ビジネスでは、わかりやすさをひたすら追い求めている。説明などでも、端的に要点だけを伝えることを強く求められる。説明も、1分でとか、1センテンスでとか、短さをひたすら求められる。補足説明をしようとするなら、聞かれたことだけ答えろと一蹴される。
効率性や生産性を求め過ぎた結果が、ここにも現れている。言葉を削ることで、言葉の含みであり膨らみでもあった余白を失った。結果、会社は空虚で無機質な文化に取って代わり、息苦しさが会社や社会を覆うようになった。

VUCAのAは曖昧性(Ambiguity)で、曖昧さに抗ってマネジメント1.0のように定量化して評価するのではなく、曖昧さをそのまま確認する作業が真の会社の評価へとなっていく
曖昧さと向き合うことが、曖昧さを楽しむことが、今の会社に必要だと考える。会計の可能性でもふれたが、曖昧さというわかりにくさの余白をデザインすることで、会計情報に意味を持たせることができる。この評価こそが、会計の新しい可能性となっていく。

「結果を見る」から「行動を観る」評価に変わることで、測る指標も変わっていく。測る指標は、“経営結果を表す数字” から “行動を表す文脈” に変わる。

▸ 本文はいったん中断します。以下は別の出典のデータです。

lemma hinge_orbit_map_act:
  assumes g1: "invertible g1" and g2: "invertible g2"
  shows "hinge_orbit (map (act g1 g2) Ps) = hinge_orbit Ps"
proof
  show "hinge_orbit (map (act g1 g2) Ps) \<subseteq> hinge_orbit Ps"
  proof
    fix Qs assume "Qs \<in> hinge_orbit (map (act g1 g2) Ps)"
    then obtain h1 h2 where "invertible h1" "invertible h2"
      and "Qs = map (act (h1 ** g1) (h2 ** g2)) Ps"
      by (auto simp: hinge_orbit_def act_act)
    then show "Qs \<in> hinge_orbit Ps"
      unfolding hinge_orbit_def using g1 g2 invertible_mult[of h1 g1] invertible_mult[of h2 g2]
      by blast
  qed
  obtain g1' g2' where inv: "g1' ** g1 = mat 1" "g2' ** g2 = mat 1"
    and g': "invertible g1'" "invertible g2'"
    using g1 g2 by (meson invertible_def)
  show "hinge_orbit Ps \<subseteq> hinge_orbit (map (act g1 g2) Ps)"
  proof
    fix Qs assume "Qs \<in> hinge_orbit Ps"
    then obtain h1 h2 where "invertible h1" "invertible h2" and "Qs = map (act h1 h2) Ps"
      by (auto simp: hinge_orbit_def)
    moreover have "map (act h1 h2) Ps = map (act (h1 ** g1') (h2 ** g2')) (map (act g1 g2) Ps)"
      using inv by (simp add: act_act matrix_mul_assoc[symmetric] act_mat_1)
    ultimately show "Qs \<in> hinge_orbit (map (act g1 g2) Ps)"
      unfolding hinge_orbit_def using g' invertible_mult[of h1 g1'] invertible_mult[of h2 g2']
      by blast
  qed
qed

lemma sum_lessThan_telescope_nat:
  fixes f :: "nat \<Rightarrow> nat"
  assumes "\<And>j. f (Suc j) \<le> f j"
  shows "(\<Sum>j<m. f j - f (Suc j)) = f 0 - f m"
proof (induction m)
  case (Suc m)
  have "f (Suc m) \<le> f m" "f m \<le> f 0"
    using assms lift_Suc_antimono_le[of f 0 m] by auto
  then show ?case
    using Suc.IH by simp
qed simp

text \<open>The flag is continued by \<open>{0}\<close> past the last term, which is the kernel of the last term.\<close>
definition dom_flag :: "('n::finite cvec \<times> 'n cvec) set list \<Rightarrow> nat \<Rightarrow> 'n cvec set" where
  "dom_flag Ps j = (if j < length Ps then DomR (Ps ! j) else {0})"

locale hinge =
  fixes Ps :: "('n::finite cvec \<times> 'n cvec) set list"
  assumes is_hinge: "is_hinge Ps"
begin

lemma subspace_nth: "j < length Ps \<Longrightarrow> pv.subspace (Ps ! j)"
  using is_hinge by (auto simp: is_hinge_def ndim_subspace_def)

lemma ndim_subspace_nth: "j < length Ps \<Longrightarrow> ndim_subspace (Ps ! j)"
  using is_hinge by (auto simp: is_hinge_def)

lemma length_pos: "0 < length Ps"
  using is_hinge by (simp add: is_hinge_def)

lemma dom_flag_0: "dom_flag Ps 0 = UNIV"
  using is_hinge hd_conv_nth[of Ps] length_pos by (simp add: is_hinge_def dom_flag_def)

lemma dom_flag_length: "dom_flag Ps (length Ps) = {0}"
  by (simp add: dom_flag_def)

評価する時、数字は誤魔化せても、行動は誤魔化せない。何をしたかという行動を知っているのは、自分たちだから。
自分を誤魔化し偽ることは正しい行動ではなく、誤魔化した時点で会社の存在意義を失う。さらに、行動を評価していくことで、自分に内省を促すことができる。内省の結果、よりよい会社になっていく。